- Bloomberg reported that Almeida’s former co-CEO used poker and blackjack strategies in crypto trading.
- Trabucco has often and publicly disclosed how much he applies what he learned from his time at the card table to the crypto market.
- Trabucco has not been publicly accused of wrongdoing in the wake of the FTX explosion.
Bloomberg reported that the high risk appetite at the now-defunct FTX crypto exchange may have some roots in the card game skills of the former co-CEO of his closely affiliated trading firm Alameda Research. .
According to a Bloomberg report, tweets and public comments from Sam Trabuco indicate that the former Alameda executive used poker and blackjack strategies in crypto trading. Trabuco, 30, has not been publicly accused of wrongdoing. He resigned from the company in August, handing over the role of Almeida’s CEO to Caroline Ellison.
Bloomberg reported that Trebuco often revealed how much he applies what he learned from his time at the card table to the crypto market.
In a tweet thread dated January 12, 2021, Trabuco explained how the betting strategies were implemented on Almeida’s trades. “Big is Bigger (When Betting is Better)”, he wrote. “Getting it right is a poker term that refers to the idea that when your odds are the best…you want to bet more.”
Trabuco said in the same series of posts that he may or may not be banned from three casinos for counting cards at blackjack tables.
According to the report, Trabuco said in January 2021 that Almeida had made risky bets in the company’s operations. He added that when the OKEx exchange froze withdrawals, Almeida began aggressively buying positions from people who wanted to hedge their exposure to the exchange.
“Not only are we not sellers, we are big buyers – even if it’s risky – because we can really take risks and this trade is great from what we know – was important, and it’s something that we ‘always pursue’. to do,” he wrote in a January 13 message on Twitter,
According to his profile on LinkedIn, Trabucco earned a degree in mathematics with computer science from the Massachusetts Institute of Technology in 2015 and previously worked as a trader at Susquehanna International Group.
FTX, which was once valued at $32 billion, debuted this month following a CoinDesk report on Alameda’s balance sheet that revealed the company relied heavily on holdings of FTX’s native token, FTT. The ensuing liquidity crisis at FTX pushed the Sam Bankman-Fried-founded company into Chapter 11 bankruptcy proceedings this week.

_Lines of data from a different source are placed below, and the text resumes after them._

(* Let $\varphi:X\to\mathbb R$ be Lipschitz continuous, let $u:X\to\mathbb R$ be a calibrated subaction of $\varphi$ and $\underline{y}^{(0)}\in X$. For each $n\ge1$ let $\underline{y}^{(-n)}$ be a point with $\sigma(\underline{y}^{(-n)})=\underline{y}^{(-n+1)}$ and $u(\underline{y}^{(-n+1)})=\varphi(\underline{y}^{(-n)})+u(\underline{y}^{(-n)})-\alpha_\varphi$. Then every accumulation point of $\{\underline{y}^{(-n)}\}_{n\ge1}$ belongs to $\Omega_\varphi$.
   Context: $X=[0,1]^{\mathbb N_0}$ with metric $d_X(\underline{x},\underline{y})=\sum_{i\ge0}|x_i-y_i|/2^{i+1}$ and shift $\sigma(\underline{x})_i=x_{i+1}$. $\alpha_\varphi=\inf_\mu\int\varphi\,d\mu$ over $\sigma$-invariant Borel probability measures. $B(\underline{x},\underline{y},n;\varepsilon)=\{\underline{z}: d_X(\underline{x},\underline{z})<\varepsilon,\ d_X(\sigma^n\underline{z},\underline{y})<\varepsilon\}$. Mañé potential $S_\varphi(\underline{x},\underline{y})=\lim_{\varepsilon\to0}\inf\{\sum_{i=0}^{n-1}(\varphi(\sigma^i\underline{z})-\alpha_\varphi): n\in\mathbb N,\ \underline{z}\in B(\underline{x},\underline{y},n;\varepsilon)\}$; Aubry set $\Omega_\varphi=\{\underline{x}: S_\varphi(\underline{x},\underline{x})=0\}$. A subaction is a continuous $u$ with $u(\underline{x})+\varphi(\underline{x})\ge u(\sigma\underline{x})+\alpha_\varphi$ for all $\underline{x}$; it is calibrated if $\min_{\sigma(\underline{y})=\underline{x}}(\varphi(\underline{y})+u(\underline{y}))=u(\underline{x})+\alpha_\varphi$ for every $\underline{x}$. *)

theory Defs
  imports "HOL-Probability.Probability"
begin

definition XX :: "(nat \<Rightarrow> real) set" where
  "XX = {x. \<forall>i. 0 \<le> x i \<and> x i \<le> 1}"

definition dX :: "(nat \<Rightarrow> real) \<Rightarrow> (nat \<Rightarrow> real) \<Rightarrow> real" where
  "dX x y = (\<Sum>i. \<bar>x i - y i\<bar> / 2 ^ (i + 1))"

definition shift :: "(nat \<Rightarrow> real) \<Rightarrow> (nat \<Rightarrow> real)" where
  "shift x = (\<lambda>i. x (Suc i))"

text \<open>Borel probability measures on X (Borel sets of the product topology restricted
  to X, which coincides with the topology of dX on X) that are shift-invariant.\<close>
definition invariant_prob :: "(nat \<Rightarrow> real) measure \<Rightarrow> bool" where
  "invariant_prob M \<longleftrightarrow> prob_space M \<and> sets M = sets (restrict_space borel XX) \<and>
     (\<forall>A \<in> sets M. emeasure M (shift -` A \<inter> XX) = emeasure M A)"

definition alpha :: "((nat \<Rightarrow> real) \<Rightarrow> real) \<Rightarrow> real" where
  "alpha \<phi> = Inf {integral\<^sup>L M \<phi> | M. invariant_prob M}"

definition Bset :: "(nat \<Rightarrow> real) \<Rightarrow> (nat \<Rightarrow> real) \<Rightarrow> nat \<Rightarrow> real \<Rightarrow> (nat \<Rightarrow> real) set" where
  "Bset x y n \<epsilon> = {z \<in> XX. dX x z < \<epsilon> \<and> dX ((shift ^^ n) z) y < \<epsilon>}"

definition mane :: "((nat \<Rightarrow> real) \<Rightarrow> real) \<Rightarrow> (nat \<Rightarrow> real) \<Rightarrow> (nat \<Rightarrow> real) \<Rightarrow> ereal" where
  "mane \<phi> x y = Lim (at_right (0::real))
     (\<lambda>\<epsilon>. Inf {ereal (\<Sum>i<n. \<phi> ((shift ^^ i) z) - alpha \<phi>) | n z. n \<ge> 1 \<and> z \<in> Bset x y n \<epsilon>})"

definition aubry :: "((nat \<Rightarrow> real) \<Rightarrow> real) \<Rightarrow> (nat \<Rightarrow> real) set" where
  "aubry \<phi> = {x \<in> XX. mane \<phi> x x = 0}"

definition continuous_X :: "((nat \<Rightarrow> real) \<Rightarrow> real) \<Rightarrow> bool" where
  "continuous_X u \<longleftrightarrow> (\<forall>x\<in>XX. \<forall>e>0. \<exists>\<delta>>0. \<forall>y\<in>XX. dX x y < \<delta> \<longrightarrow> \<bar>u y - u x\<bar> < e)"

definition lipschitz_X :: "((nat \<Rightarrow> real) \<Rightarrow> real) \<Rightarrow> bool" where
  "lipschitz_X \<phi> \<longleftrightarrow> (\<exists>L. \<forall>x\<in>XX. \<forall>y\<in>XX. \<bar>\<phi> x - \<phi> y\<bar> \<le> L * dX x y)"

definition subaction :: "((nat \<Rightarrow> real) \<Rightarrow> real) \<Rightarrow> ((nat \<Rightarrow> real) \<Rightarrow> real) \<Rightarrow> bool" where
  "subaction \<phi> u \<longleftrightarrow> continuous_X u \<and>
     (\<forall>x\<in>XX. u x + \<phi> x \<ge> u (shift x) + alpha \<phi>)"

definition calibrated :: "((nat \<Rightarrow> real) \<Rightarrow> real) \<Rightarrow> ((nat \<Rightarrow> real) \<Rightarrow> real) \<Rightarrow> bool" where
  "calibrated \<phi> u \<longleftrightarrow> subaction \<phi> u \<and>
     (\<forall>x\<in>XX. (\<exists>y\<in>XX. shift y = x \<and> \<phi> y + u y = u x + alpha \<phi>) \<and>
              (\<forall>y\<in>XX. shift y = x \<longrightarrow> \<phi> y + u y \<ge> u x + alpha \<phi>))"

definition accumulation_point :: "(nat \<Rightarrow> (nat \<Rightarrow> real)) \<Rightarrow> (nat \<Rightarrow> real) \<Rightarrow> bool" where
  "accumulation_point ys p \<longleftrightarrow> p \<in> XX \<and> (\<forall>e>0. \<forall>N. \<exists>n\<ge>N. dX (ys n) p < e)"

end

theory Submission
  imports Defs
begin

text \<open>For a subaction u the Birkhoff sums of \<open>\<phi> - \<alpha>\<^sub>\<phi>\<close> along any orbit segment
  dominate the increment of u, so by continuity of u every orbit segment from near p back
  to near p has normalised sum \<open>\<ge> -c\<close>. Along a calibrated backward orbit these sums are
  exactly the increments of u; two visits of the orbit close to an accumulation point p give
  a segment with sum \<open>\<le> c\<close>. Hence the Mane potential vanishes at (p, p).\<close>

definition calibrated_preorbit ::
  "((nat \<Rightarrow> real) \<Rightarrow> real) \<Rightarrow> ((nat \<Rightarrow> real) \<Rightarrow> real) \<Rightarrow> (nat \<Rightarrow> nat \<Rightarrow> real) \<Rightarrow> bool" where
  "calibrated_preorbit \<phi> u ys \<longleftrightarrow> (\<forall>n\<ge>1. shift (ys n) = ys (n - 1) \<and>
     u (ys (n - 1)) = \<phi> (ys n) + u (ys n) - alpha \<phi>)"

definition mane_sums ::
  "((nat \<Rightarrow> real) \<Rightarrow> real) \<Rightarrow> (nat \<Rightarrow> real) \<Rightarrow> (nat \<Rightarrow> real) \<Rightarrow> real \<Rightarrow> ereal set" where
  "mane_sums \<phi> x y \<epsilon> =
     {ereal (\<Sum>i<n. \<phi> ((shift ^^ i) z) - alpha \<phi>) | n z. n \<ge> 1 \<and> z \<in> Bset x y n \<epsilon>}"

lemma mane_eq_Lim_mane_sums:
  "mane \<phi> x y = Lim (at_right 0) (\<lambda>\<epsilon>. Inf (mane_sums \<phi> x y \<epsilon>))"
  unfolding mane_def mane_sums_def ..

lemma dX_commute: "dX x y = dX y x"
  unfolding dX_def by (simp add: abs_minus_commute)

lemma shift_in_XX: "x \<in> XX \<Longrightarrow> shift x \<in> XX"
  unfolding XX_def shift_def by auto

lemma funpow_shift_in_XX: "x \<in> XX \<Longrightarrow> (shift ^^ n) x \<in> XX"
  by (induction n) (auto simp: shift_in_XX)

lemma accumulation_point_Suc_imp:
  assumes "accumulation_point (\<lambda>n. ys (n + 1)) p"
  shows "accumulation_point ys p"
  unfolding accumulation_point_def
proof (intro conjI allI impI)
  show "p \<in> XX"
    using assms unfolding accumulation_point_def by simp
  fix e :: real and N :: nat
  assume "e > 0"
  then obtain n where "n \<ge> N" "dX (ys (n + 1)) p < e"
    using assms unfolding accumulation_point_def by blast
  then show "\<exists>n\<ge>N. dX (ys n) p < e"
    by (intro exI[of _ "n + 1"]) simp
qed

lemma ereal_tendsto_zeroI:
  fixes f :: "'a \<Rightarrow> ereal"
  assumes "\<And>c. c > 0 \<Longrightarrow> eventually (\<lambda>x. ereal (-c) \<le> f x \<and> f x \<le> ereal c) F"
  shows "(f \<longlongrightarrow> 0) F"
proof (rule order_tendstoI)
  fix a :: ereal
  assume "a < 0"
  then obtain r where r: "a < ereal r" "ereal r < 0"
    using ereal_dense2 by blast
  then have "eventually (\<lambda>x. ereal r \<le> f x) F"
    using assms[of "-r"] by (simp add: eventually_conj_iff)
  then show "eventually (\<lambda>x. a < f x) F"
    by (rule eventually_mono) (use r(1) in simp)
next
  fix a :: ereal
  assume "a > 0"
  then obtain r where r: "0 < ereal r" "ereal r < a"
    using ereal_dense2 by blast
  then have "eventually (\<lambda>x. f x \<le> ereal r) F"
    using assms[of r] by (simp add: eventually_conj_iff)
  then show "eventually (\<lambda>x. f x < a) F"
    by (rule eventually_mono) (use r(2) in simp)
qed

lemma subaction_sum_ge:
  assumes "subaction \<phi> u" "z \<in> XX"
  shows "u ((shift ^^ n) z) - u z \<le> (\<Sum>i<n. \<phi> ((shift ^^ i) z) - alpha \<phi>)"
proof (induction n)
  case (Suc n)
  have "u (shift ((shift ^^ n) z)) + alpha \<phi> \<le> u ((shift ^^ n) z) + \<phi> ((shift ^^ n) z)"
    using assms funpow_shift_in_XX unfolding subaction_def by blast
  with Suc show ?case by simp
qed simp

lemma calibrated_preorbit_funpow_shift:
  assumes "calibrated_preorbit \<phi> u ys" "i \<le> n"
  shows "(shift ^^ i) (ys n) = ys (n - i)"
  using assms(2)
proof (induction i)
  case (Suc i)
  have "n - i \<ge> 1" "n - Suc i = n - i - 1"
    using Suc.prems by auto
  then have "shift (ys (n - i)) = ys (n - Suc i)"
    using assms(1) unfolding calibrated_preorbit_def by metis
  with Suc show ?case by simp
qed simp

lemma calibrated_preorbit_sum:
  assumes "calibrated_preorbit \<phi> u ys" "k \<le> n"
  shows "(\<Sum>i<k. \<phi> ((shift ^^ i) (ys n)) - alpha \<phi>) = u (ys (n - k)) - u (ys n)"
  using assms(2)
proof (induction k)
  case (Suc k)
  have "n - k \<ge> 1" "n - Suc k = n - k - 1"
    using Suc.prems by auto
  then have "u (ys (n - Suc k)) = \<phi> (ys (n - k)) + u (ys (n - k)) - alpha \<phi>"
    using assms(1) unfolding calibrated_preorbit_def by metis
  with Suc calibrated_preorbit_funpow_shift[OF assms(1), of k n] show ?case
    by simp
qed simp

lemma continuous_XD:
  assumes "continuous_X u" "x \<in> XX" "e > 0"
  obtains \<delta> where "\<delta> > 0" "\<And>z. z \<in> XX \<Longrightarrow> dX x z < \<delta> \<Longrightarrow> \<bar>u z - u x\<bar> < e"
  using assms unfolding continuous_X_def by blast

lemma Inf_mane_sums_ge:
  assumes "subaction \<phi> u" "x \<in> XX" "y \<in> XX" "c > 0"
  shows "eventually (\<lambda>\<epsilon>. ereal (u y - u x - c) \<le> Inf (mane_sums \<phi> x y \<epsilon>)) (at_right 0)"
proof -
  have cont: "continuous_X u" and c2: "c / 2 > 0"
    using assms(1,4) unfolding subaction_def by simp_all
  obtain \<delta>x where \<delta>x: "\<delta>x > 0" "\<And>z. z \<in> XX \<Longrightarrow> dX x z < \<delta>x \<Longrightarrow> \<bar>u z - u x\<bar> < c / 2"
    using continuous_XD[OF cont assms(2) c2] by blast
  obtain \<delta>y where \<delta>y: "\<delta>y > 0" "\<And>z. z \<in> XX \<Longrightarrow> dX y z < \<delta>y \<Longrightarrow> \<bar>u z - u y\<bar> < c / 2"
    using continuous_XD[OF cont assms(3) c2] by blast
  have "ereal (u y - u x - c) \<le> Inf (mane_sums \<phi> x y \<epsilon>)"
    if "0 < \<epsilon>" "\<epsilon> < min \<delta>x \<delta>y" for \<epsilon>
  proof (rule Inf_greatest)
    fix s
    assume "s \<in> mane_sums \<phi> x y \<epsilon>"
    then obtain n z where s: "s = ereal (\<Sum>i<n. \<phi> ((shift ^^ i) z) - alpha \<phi>)"
      and z: "z \<in> XX" "dX x z < \<epsilon>" "dX y ((shift ^^ n) z) < \<epsilon>"
      unfolding mane_sums_def Bset_def by (auto simp: dX_commute[of _ y])
    have "\<bar>u z - u x\<bar> < c / 2"
      using \<delta>x(2)[OF z(1)] z(2) that by simp
    moreover have "\<bar>u ((shift ^^ n) z) - u y\<bar> < c / 2"
      using \<delta>y(2)[OF funpow_shift_in_XX[OF z(1)]] z(3) that by simp
    ultimately have "u y - u x - c \<le> (\<Sum>i<n. \<phi> ((shift ^^ i) z) - alpha \<phi>)"
      using subaction_sum_ge[OF assms(1) z(1), of n] by linarith
    then show "ereal (u y - u x - c) \<le> s"
      unfolding s by simp
  qed
  then show ?thesis
    unfolding eventually_at_right_field using \<delta>x(1) \<delta>y(1)
    by (intro exI[of _ "min \<delta>x \<delta>y"]) simp
qed

lemma Inf_mane_sums_le:
  assumes "continuous_X u" "calibrated_preorbit \<phi> u ys" "\<forall>n. ys n \<in> XX"
    and "accumulation_point ys p" "\<epsilon> > 0" "c > 0"
  shows "Inf (mane_sums \<phi> p p \<epsilon>) \<le> ereal c"
proof -
  have p: "p \<in> XX" and c2: "c / 2 > 0"
    using assms(4,6) unfolding accumulation_point_def by simp_all
  obtain \<delta> where \<delta>: "\<delta> > 0" "\<And>z. z \<in> XX \<Longrightarrow> dX p z < \<delta> \<Longrightarrow> \<bar>u z - u p\<bar> < c / 2"
    using continuous_XD[OF assms(1) p c2] by blast
  define r where "r = min \<epsilon> \<delta>"
  have "r > 0"
    using \<delta>(1) assms(5) unfolding r_def by simp
  then obtain m n where "dX (ys m) p < r" "n \<ge> Suc m" "dX (ys n) p < r"
    using assms(4) unfolding accumulation_point_def by blast
  then have mn: "m < n" "dX p (ys m) < r" "dX p (ys n) < r"
    by (simp_all add: dX_commute)
  have "(shift ^^ (n - m)) (ys n) = ys m"
    using calibrated_preorbit_funpow_shift[OF assms(2), of "n - m" n] mn(1) by simp
  then have "ys n \<in> Bset p p (n - m) \<epsilon>"
    using mn assms(3) unfolding Bset_def r_def by (simp add: dX_commute)
  moreover have "(\<Sum>i<n - m. \<phi> ((shift ^^ i) (ys n)) - alpha \<phi>) = u (ys m) - u (ys n)"
    using calibrated_preorbit_sum[OF assms(2), of "n - m" n] mn(1) by simp
  ultimately have "ereal (u (ys m) - u (ys n)) \<in> mane_sums \<phi> p p \<epsilon>"
    unfolding mane_sums_def mem_Collect_eq using mn(1)
    by (intro exI[of _ "n - m"] exI[of _ "ys n"]) simp
  moreover have "\<bar>u (ys m) - u p\<bar> < c / 2" "\<bar>u (ys n) - u p\<bar> < c / 2"
    using \<delta>(2) mn(2,3) assms(3) unfolding r_def by simp_all
  then have "u (ys m) - u (ys n) \<le> c"
    by linarith
  ultimately show ?thesis
    by (intro Inf_lower2[of "ereal (u (ys m) - u (ys n))"]) simp_all
qed

theorem lemma2p13:
  fixes \<phi> u :: "(nat \<Rightarrow> real) \<Rightarrow> real" and ys :: "nat \<Rightarrow> (nat \<Rightarrow> real)"
  assumes "lipschitz_X \<phi>"
    and "calibrated \<phi> u"
    and "\<forall>n. ys n \<in> XX"
    and "\<forall>n\<ge>1. shift (ys n) = ys (n - 1) \<and>
            u (ys (n - 1)) = \<phi> (ys n) + u (ys n) - alpha \<phi>"
    and "accumulation_point (\<lambda>n. ys (n + 1)) p"
  shows "p \<in> aubry \<phi>"
proof -
  have sub: "subaction \<phi> u" and orbit: "calibrated_preorbit \<phi> u ys"
    using assms(2,4) unfolding calibrated_def calibrated_preorbit_def by auto
  then have cont: "continuous_X u"
    unfolding subaction_def by simp
  have acc: "accumulation_point ys p"
    using assms(5) by (rule accumulation_point_Suc_imp)
  then have p: "p \<in> XX"
    unfolding accumulation_point_def by simp
  have "((\<lambda>\<epsilon>. Inf (mane_sums \<phi> p p \<epsilon>)) \<longlongrightarrow> 0) (at_right 0)"
  proof (rule ereal_tendsto_zeroI)
    fix c :: real
    assume "c > 0"
    have "eventually (\<lambda>\<epsilon>. ereal (-c) \<le> Inf (mane_sums \<phi> p p \<epsilon>)) (at_right 0)"
      using Inf_mane_sums_ge[OF sub p p \<open>c > 0\<close>] by simp
    moreover have "eventually (\<lambda>\<epsilon>. Inf (mane_sums \<phi> p p \<epsilon>) \<le> ereal c) (at_right 0)"
      using eventually_at_right_less
      by (rule eventually_mono) (rule Inf_mane_sums_le[OF cont orbit assms(3) acc _ \<open>c > 0\<close>])
    ultimately show "eventually (\<lambda>\<epsilon>. ereal (-c) \<le> Inf (mane_sums \<phi> p p \<epsilon>) \<and>
        Inf (mane_sums \<phi> p p \<epsilon>) \<le> ereal c) (at_right 0)"
      by (rule eventually_conj)
  qed
  then have "mane \<phi> p p = 0"
    unfolding mane_eq_Lim_mane_sums by (intro tendsto_Lim) simp_all
  with p show ?thesis
    unfolding aubry_def by simp
qed

end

Bankman-Fried was replaced as CEO of FTX by John Ray III, who guided Enron through a $63 billion bankruptcy process that began in 2001.
FTX may have more than a million creditors and Ray criticized its activities in FTX’s bankruptcy filing. He noted that FTX and Alameda did not have internal accounting teams, making it difficult to obtain reliable financial statements.
“Never in my career have I seen such a complete failure of corporate controls and a complete absence of reliable financial information,” Ray said in a statement as part of FTX’s bankruptcy filing.